I recently attended the World Water Week conference in Stockholm, where one study of (mainly) handpump systems serving over one million people in five African countries, demonstrated that user fees covered just 25% of long-term operation and maintenance costs, which might explain why so many pumps are not repaired when they stop working. An insufficient fee structure sheds light on a couple of issues: one, that user fees were not established based on data-driven research, and, two, that users did not feel like they were getting a level of service worth paying for.

A users’ unwillingness to pay for operation and maintenance costs of a water system does not reflect my personal experience over the past 25 years. I have consistently found that when people have a high-quality water service, they will do everything to take care of it, and pay the full costs of maintenance.

A high level of water service looks very similar to the public utility serving your home, with 24/7 piped water to every single household; with a water meter installed at the home and a monthly water bill that supports the long-term maintenance of a system; with trained community members who manage their own system in perpetuity.

When water is available in the home, families experience a complete solution that includes a kitchen faucet, a toilet, and a shower. Not to mention, a cup of coffee, as Maria, a 78-year-old grandmother from Las Canadas, Honduras reminded me in January, "Now I begin my day with a cup of coffee rather than a walk for water.” Piped water ends the walk for water.

Donors have an important role to play in changing the status quo for the over 2 billion people stranded in extreme poverty, by not only carefully researching where they choose to invest, but by advocating for poor people without a voice. When donors demand that the water sector provide only the highest quality complete solutions, together, we will end the global water crisis.

The highest quality solutions might not be the least expensive, but this is not the time for bargain shopping. In the water sector, we need to move away from using cost/person to measure impact and instead invest in programs and projects that meet quantity and quality standards and have proven they are sustainable over the long-term. Up to $10 billion dollars are wasted annually as a result of poor investment decisions.
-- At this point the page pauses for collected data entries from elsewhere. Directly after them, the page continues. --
lemma ring_of_integers_real:
  assumes z: "z \<in> \<O>" and "Im z = 0"
  shows "\<exists>k. z = of_int k"
proof -
  have "Re z \<in> \<rat>" using z by (simp add: ring_of_integers_iff quad_field_iff)
  moreover have "Re z ^ 2 \<in> \<int>" using z assms(2) by (simp add: ring_of_integers_iff cmod_power2)
  ultimately have "Re z \<in> \<int>" by (rule Ints_of_Rats_power2)
  then obtain k where "Re z = of_int k" by (auto elim: Ints_cases)
  hence "z = of_int k" using assms(2) by (intro complex_eqI) simp_all
  thus ?thesis by blast
qed

lemma ring_of_integers_Im_square: "z \<in> \<O> \<Longrightarrow> \<exists>k::nat. 4 * Im z ^ 2 = of_nat k"
proof -
  assume z: "z \<in> \<O>"
  have "4 * Im z ^ 2 = 4 * cmod z ^ 2 - (2 * Re z) ^ 2"
    unfolding cmod_power2 by (simp add: power2_eq_square)
  also have "\<dots> \<in> \<int>"
    using z Ints_power[of "2 * Re z" 2] unfolding ring_of_integers_iff by (intro Ints_diff Ints_mult) auto
  finally obtain k where k: "4 * Im z ^ 2 = of_int k" by (auto elim: Ints_cases)
  hence "k \<ge> 0" by (metis of_int_0_le_iff zero_le_power2 mult_nonneg_nonneg zero_le_numeral)
  thus ?thesis using k by (intro exI[of _ "nat k"]) simp
qed

text \<open>The lattice \<open>\<O>\<close> has a basis \<open>1, \<omega>\<close> with \<open>\<omega>\<close> of least positive imaginary part;
  such an \<open>\<omega>\<close> exists because \<open>4 (Im z)\<^sup>2\<close> is a natural number for \<open>z \<in> \<O>\<close>.\<close>

lemma ex_least_positive_Im: "\<exists>w. w \<in> \<O> \<and> Im w > 0 \<and> (\<forall>z\<in>\<O>. Im z > 0 \<longrightarrow> Im w \<le> Im z)"
proof -
  define P where "P k \<longleftrightarrow> (\<exists>z\<in>\<O>. Im z > 0 \<and> 4 * Im z ^ 2 = of_nat k)" for k :: nat
  have "P (4 * d)" unfolding P_def using \<theta>_in_ring_of_integers sqrt_d_pos by (intro bexI[of _ \<theta>]) auto
  hence "P (LEAST k. P k)" by (rule LeastI)
  then obtain w where w: "w \<in> \<O>" "Im w > 0" "4 * Im w ^ 2 = of_nat (LEAST k. P k)"
    unfolding P_def by blast
  have "Im w \<le> Im z" if z: "z \<in> \<O>" "Im z > 0" for z
  proof -
    obtain k where k: "4 * Im z ^ 2 = of_nat k" using ring_of_integers_Im_square[OF z(1)] by blast
    hence "P k" unfolding P_def using z by blast
    hence "(LEAST k. P k) \<le> k" by (rule Least_le)
    hence "Im w ^ 2 \<le> Im z ^ 2" using w(3) k by linarith
    thus ?thesis using w(2) z(2) by (simp add: power2_le_iff_abs_le abs_of_pos)
  qed
  thus ?thesis using w by blast
qed

definition \<omega> :: complex where
  "\<omega> = (SOME w. w \<in> \<O> \<and> Im w > 0 \<and> (\<forall>z\<in>\<O>. Im z > 0 \<longrightarrow> Im w \<le> Im z))"

lemma \<omega>_in_ring_of_integers: "\<omega> \<in> \<O>"
  and Im_\<omega>_pos: "Im \<omega> > 0"
  and Im_\<omega>_le: "z \<in> \<O> \<Longrightarrow> Im z > 0 \<Longrightarrow> Im \<omega> \<le> Im z"
  using someI_ex[OF ex_least_positive_Im] unfolding \<omega>_def[symmetric] by blast+

lemma ring_of_integers_basis: "z \<in> \<O> \<longleftrightarrow> (\<exists>m n::int. z = of_int m + of_int n * \<omega>)"
proof
  assume z: "z \<in> \<O>"
  define n where "n = \<lfloor>Im z / Im \<omega>\<rfloor>"
  define v where "v = z - of_int n * \<omega>"
  have v: "v \<in> \<O>"
    unfolding v_def using z \<omega>_in_ring_of_integers by (intro ring_of_integers_diff ring_of_integers_mult) simp_all
  have "of_int n \<le> Im z / Im \<omega>" "Im z / Im \<omega> < of_int n + 1" unfolding n_def by linarith+
  hence "of_int n * Im \<omega> \<le> Im z" "Im z < (of_int n + 1) * Im \<omega>"
    using Im_\<omega>_pos by (simp_all add: field_simps)
  hence "0 \<le> Im v" "Im v < Im \<omega>" unfolding v_def by (simp_all add: algebra_simps)
  hence "Im v = 0" using Im_\<omega>_le[OF v] by force
  then obtain m where "v = of_int m" using ring_of_integers_real[OF v] by blast
  hence "z = of_int m + of_int n * \<omega>" unfolding v_def by (simp add: algebra_simps)
  thus "\<exists>m n::int. z = of_int m + of_int n * \<omega>" by blast
next
  assume "\<exists>m n::int. z = of_int m + of_int n * \<omega>"
  then obtain m n :: int where "z = of_int m + of_int n * \<omega>" by blast
  thus "z \<in> \<O>"
    by (simp add: ring_of_integers_add ring_of_integers_mult \<omega>_in_ring_of_integers)
qed

lemma basis_coeffs_unique:
  assumes "of_int m + of_int n * \<omega> = of_int m' + of_int n' * \<omega>"
  shows "m = m'" "n = n'"
proof -
  have "Im (of_int m + of_int n * \<omega>) = Im (of_int m' + of_int n' * \<omega>)" using assms by simp
  thus nn: "n = n'" using Im_\<omega>_pos by simp
  show "m = m'" using assms unfolding nn by simp
qed

definition tr\<omega> :: int where "tr\<omega> = \<lfloor>2 * Re \<omega>\<rfloor>"
definition nm\<omega> :: int where "nm\<omega> = \<lfloor>cmod \<omega> ^ 2\<rfloor>"

lemma tr\<omega>: "2 * Re \<omega> = of_int tr\<omega>" and nm\<omega>: "cmod \<omega> ^ 2 = of_int nm\<omega>"
  using \<omega>_in_ring_of_integers unfolding tr\<omega>_def nm\<omega>_def ring_of_integers_iff by (auto elim!: Ints_cases)

lemma cnj_\<omega>: "cnj \<omega> = of_int tr\<omega> - \<omega>"
  using tr\<omega> by (intro complex_eqI) simp_all

lemma \<omega>_square: "\<omega> * \<omega> = of_int tr\<omega> * \<omega> - of_int nm\<omega>"
proof -
  have "\<omega> * cnj \<omega> = of_int nm\<omega>" using nm\<omega> complex_norm_square[of \<omega>] by simp
  thus ?thesis unfolding cnj_\<omega> by (simp add: algebra_simps)
qed

section \<open>Ideals of \<open>\<O>\<^sub>K\<close> as lattices\<close>

lemma ideal_int_mult: "nonzero_ideal \<O> A \<Longrightarrow> x \<in> A \<Longrightarrow> of_int k * x \<in> A"
  using nonzero_ideal_mult[of \<O> A "of_int k" x] by simp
If this funding were redirected to piped water systems, we could cover Sub-Saharan Africa in less than 20 years.

If only the highest-quality services are good enough for us, why aren’t they equally good for the home of a peasant farmer or a migrant in living in the urban slum settlements.

When we make smart investments up-front in the water sector, we set communities up to address other development needs. Once water is no longer the all-consuming focus of the day, girls can attend school, women can earn an income, and families can move beyond the grips of extreme poverty.

Water is the foundation. Let’s get it right the first time.